You could filter it with a $30k reclaim system then dump into a sanitary sewer.

To reclaim cheaply, you can use a system of inexpensive berms and a vac and divert the water to a grassy area.


----------



## beedoola (May 18, 2015)

Mike2coat said:


> Is there a cheap and affective way to reclaim water? I have to pressure wash a small business 1 story, 50'*20. It is close to the street and I do not want to get any kind of fine. I was thinking waddles and a good shop vac.


I'm in the Easy Bay and was wondering about pressure washing as well.

Is your concern a fine because of using water, when we're in a drought, or that you'd be fined for another reason?

Have you looked into/if it is possible, to buy desalinated water? How many gallons do you think you'd use for the job?

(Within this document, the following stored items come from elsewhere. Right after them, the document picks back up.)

lemma cdf_eq_off_nodes:
  assumes "admissible_input M1" "AE y in lborel. window_prob M1 y = cell_mass y"
    and "admissible_input M2" "AE y in lborel. window_prob M2 y = cell_mass y"
    and "s \<notin> node ` {1..n+1}"
  shows "cdf M1 s = cdf M2 s"
proof -
  consider "s < 0" | "s > 1" | "0 \<le> s" "s \<le> 1" by linarith
  then show ?thesis
  proof cases
    case 1
    then show ?thesis
      using admissible_input_null_outside[OF assms(1), of "{..s}"]
        admissible_input_null_outside[OF assms(3), of "{..s}"]
      by (simp add: cdf_def measure_def)
  next
    case 2
    then have "{s<..} \<inter> {0..1} = {}" by auto
    then have "measure M {..s} = 1" if "admissible_input M" for M :: "real measure"
    proof -
      interpret prob_space M by (rule admissible_input_prob_space[OF that])
      have "measure M (space M - {s<..}) = 1"
        using admissible_input_null_outside[OF that, of "{s<..}"] \<open>{s<..} \<inter> {0..1} = {}\<close>
          sets_admissible_input[OF that] by (subst prob_compl) (auto simp: measure_def)
      moreover have "space M - {s<..} = {..s}"
        using sets_eq_imp_space_eq[OF sets_admissible_input[OF that]] by auto
      ultimately show ?thesis by simp
    qed
    then show ?thesis using assms(1,3) by (simp add: cdf_def)
  next
    case 3
    define j where "j = nat \<lfloor>real n * s\<rfloor> + 1"
    have floor: "of_int \<lfloor>real n * s\<rfloor> \<le> real n * s" "real n * s < of_int \<lfloor>real n * s\<rfloor> + 1"
      by linarith+
    have ns: "0 \<le> real n * s" "real n * s \<le> real n" using 3 n_pos by (auto simp: mult_le_cancel_left1)
    have jr: "real j - 1 = of_int \<lfloor>real n * s\<rfloor>" using ns by (simp add: j_def)
    have j: "j \<in> {1..n+1}" using ns floor by (simp add: j_def) linarith
    have "grid_point j \<le> s" using floor jr n_pos
      by (simp add: grid_point_def divide_le_eq mult.commute)
    moreover have "grid_point j \<noteq> s" using assms(5) j grid_point_eq_node[of j] by auto
    moreover have "s < grid_point j + 2 * half_width" using floor jr n_pos
      by (simp add: grid_point_def half_width_def field_simps)
    ultimately show ?thesis
      using measure_atMost_eq_partial_sum[OF assms(1,2), of j s]
        measure_atMost_eq_partial_sum[OF assms(3,4), of j s] j
      by (simp add: cdf_def)
  qed
qed

lemma eq_if_window_prob_AE_eq_cell_mass:
  assumes "admissible_input M1" "AE y in lborel. window_prob M1 y = cell_mass y"
    and "admissible_input M2" "AE y in lborel. window_prob M2 y = cell_mass y"
  shows "M1 = M2"
  by (rule real_distribution_eqI_cdf_cofinite[OF assms(1,3)[THEN admissible_input_real_distribution],
      of "node ` {1..n+1}"])
    (auto intro: cdf_eq_off_nodes[OF assms])

end

locale gibbs_grid =
  fixes n :: nat and \<alpha> lam :: real
  assumes n_gt_0: "n > 0" and \<alpha>_pos: "0 < \<alpha>" and \<alpha>_le_1: "\<alpha> \<le> 1" and lam_pos: "lam > 0"
begin

definition cost :: "nat \<Rightarrow> real" where "cost j = (real (j - 1) / real n) powr \<alpha>"
definition partition :: real where "partition = (\<Sum>j\<in>{1..n+1}. exp (- lam * cost j))"
definition gibbs_mass :: "nat \<Rightarrow> real" where "gibbs_mass j = exp (- lam * cost j) / partition"

lemma cost_nonneg: "cost j \<ge> 0"
  by (simp add: cost_def)

lemma partition_ge_1: "partition \<ge> 1"
proof -
  have "exp (- lam * cost 1) \<le> partition"
    unfolding partition_def by (rule member_le_sum) auto
  then show ?thesis by (simp add: cost_def)
qed

lemma gibbs_mass_pos: "gibbs_mass j > 0"
  using partition_ge_1 by (simp add: gibbs_mass_def)

lemma sum_gibbs_mass: "(\<Sum>j\<in>{1..n+1}. gibbs_mass j) = 1"
  using partition_ge_1 by (simp add: gibbs_mass_def sum_divide_distrib[symmetric] partition_def)

sublocale grid_masses n gibbs_mass
  using n_gt_0 gibbs_mass_pos sum_gibbs_mass by unfold_locales auto

lemma ln_inverse_gibbs_mass: "ln (1 / gibbs_mass j) = lam * cost j + ln partition"
  using partition_ge_1 by (simp add: gibbs_mass_def ln_div)

lemma cost_eq_node_powr: "cost j = node j powr \<alpha>"
  by (simp add: cost_def node_def)

lemma interpolated_surprisal_le:
  assumes "0 \<le> x" "x \<le> 1"
  shows "(\<Sum>j\<in>{1..n+1}. ln (1 / gibbs_mass j) * hat n j x) \<le> lam * x powr \<alpha> + ln partition"
proof -
  have "(\<Sum>j\<in>{1..n+1}. ln (1 / gibbs_mass j) * hat n j x)
      = lam * (\<Sum>j\<in>{1..n+1}. cost j * hat n j x) + ln partition * (\<Sum>j\<in>{1..n+1}. hat n j x)"
    by (simp add: ln_inverse_gibbs_mass algebra_simps sum.distrib sum_distrib_left)
  also have "(\<Sum>j\<in>{1..n+1}. hat n j x) = 1"
    by (rule sum_hat_eq_1[OF n_ge_1 assms])
  also have "(\<Sum>j\<in>{1..n+1}. cost j * hat n j x) \<le> x powr \<alpha>"
    unfolding cost_def by (rule sum_powr_hat_le[OF n_ge_1 assms \<alpha>_pos \<alpha>_le_1])
  finally show ?thesis using lam_pos by (simp add: mult_left_mono)
qed

lemma expected_surprisal_le:
  assumes adm: "admissible_input M" and cost: "cost_ok \<alpha> cbar M" and cbar: "cbar \<ge> 0"
  shows "expected_surprisal M \<le> ennreal (lam * cbar + ln partition)"
proof -
  interpret prob_space M by (rule admissible_input_prob_space[OF adm])
  note sets_M = sets_admissible_input[OF adm]
  have "AE x in M. ennreal (\<Sum>j\<in>{1..n+1}. ln (1 / gibbs_mass j) * hat n j x)
      \<le> ennreal (lam * x powr \<alpha> + ln partition)"
    using admissible_input_AE_unit_interval[OF adm]
    by eventually_elim (rule ennreal_leI, rule interpolated_surprisal_le, auto)
  then have "expected_surprisal M \<le> (\<integral>\<^sup>+ x. ennreal (lam * x powr \<alpha> + ln partition) \<partial>M)"
    unfolding expected_surprisal_def by (rule nn_integral_mono_AE)
  also have "\<dots> = (\<integral>\<^sup>+ x. ennreal lam * ennreal (x powr \<alpha>) + ennreal (ln partition) \<partial>M)"
    using lam_pos partition_ge_1 by (intro nn_integral_cong) (simp add: ennreal_plus ennreal_mult)
  also have "\<dots> = ennreal lam * (\<integral>\<^sup>+ x. ennreal (x powr \<alpha>) \<partial>M) + ennreal (ln partition)"
    using sets_M
    by (subst nn_integral_add)
      (auto simp: nn_integral_cmult emeasure_space_1 measurable_cong_sets[OF sets_M refl])
  also have "\<dots> \<le> ennreal lam * ennreal cbar + ennreal (ln partition)"
    using cost by (intro add_mono mult_left_mono) (auto simp: cost_ok_def)
  also have "\<dots> = ennreal (lam * cbar + ln partition)"
    using lam_pos cbar partition_ge_1 by (simp add: ennreal_plus ennreal_mult)
  finally show ?thesis .
qed

lemma mutual_info_add_slack_le:
  assumes "admissible_input M" "cost_ok \<alpha> cbar M" "cbar \<ge> 0"
  shows "mutual_info half_width M + slack_integral M + missed_integral M
    \<le> ennreal (lam * cbar + ln partition)"
  using mutual_info_add_slack[OF assms(1)] expected_surprisal_le[OF assms] by simp

abbreviation gibbs_input :: "real measure" where
  "gibbs_input \<equiv> dirac_sum {1..n+1} node gibbs_mass"

lemma admissible_gibbs_input: "admissible_input gibbs_input"
proof -
  have "prob_space gibbs_input"
    by (rule prob_space_dirac_sum) (use gibbs_mass_pos sum_gibbs_mass in \<open>auto simp: less_imp_le\<close>)
  moreover have "(\<Sum>j\<in>{1..n+1}. gibbs_mass j * indicator {0..1} (node j)) = (\<Sum>j\<in>{1..n+1}. gibbs_mass j)"
    using n_pos by (intro sum.cong) (auto simp: indicator_def node_def divide_le_eq_1)
  then have "emeasure gibbs_input {0..1} = 1"
    using sum_gibbs_mass gibbs_mass_pos by (subst emeasure_dirac_sum) (auto simp: less_imp_le)
  ultimately show ?thesis by (simp add: admissible_input_def)
qed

If it is possible to purchase it, and it isn't expensive, it might be worth it to go that route, and talk to the city and see what they say - in case someone did come along and try and fine you, you could have the paper work showing the water you're using is desalinated, not fresh water from the tap.


----------



## DunriteNJ (Aug 15, 2014)

beedoola said:


> I'm in the Easy Bay and was wondering about pressure washing as well.
> 
> Is your concern a fine because of using water, when we're in a drought, or that you'd be fined for another reason?
> 
> ...


Most cities care more about where the wastewater is going

If your working on a commercial building there will probably be a concern where the runoff water is going

Go to your local office or make a phone call and educate yourself on whats required by your AHJ- its important

Everywhere is different- I know in Cali they are all over it from what im hearing- In NJ they could care less pretty much

my point is -Be careful- Fines are steep- And ignorance or lack of knowledge of the law is not a valid defense- They will crush you with fines


----------



## Sirocco Jerry (Sep 10, 2011)

there are many Vacuum Reclaim Tools available for instant capture, elimination of drainage problems, and WorkSpeed..
Google these words.. InstantCapture wash water reclaim


----------



## Mike2coat (Nov 12, 2013)

beedoola said:


> I'm in the Easy Bay and was wondering about pressure washing as well. Is your concern a fine because of using water, when we're in a drought, or that you'd be fined for another reason? Have you looked into/if it is possible, to buy desalinated water? How many gallons do you think you'd use for the job? If it is possible to purchase it, and it isn't expensive, it might be worth it to go that route, and talk to the city and see what they say - in case someone did come along and try and fine you, you could have the paper work showing the water you're using is desalinated, not fresh water from the tap.


In CA no run off can go to the storm drain ie gutter.


----------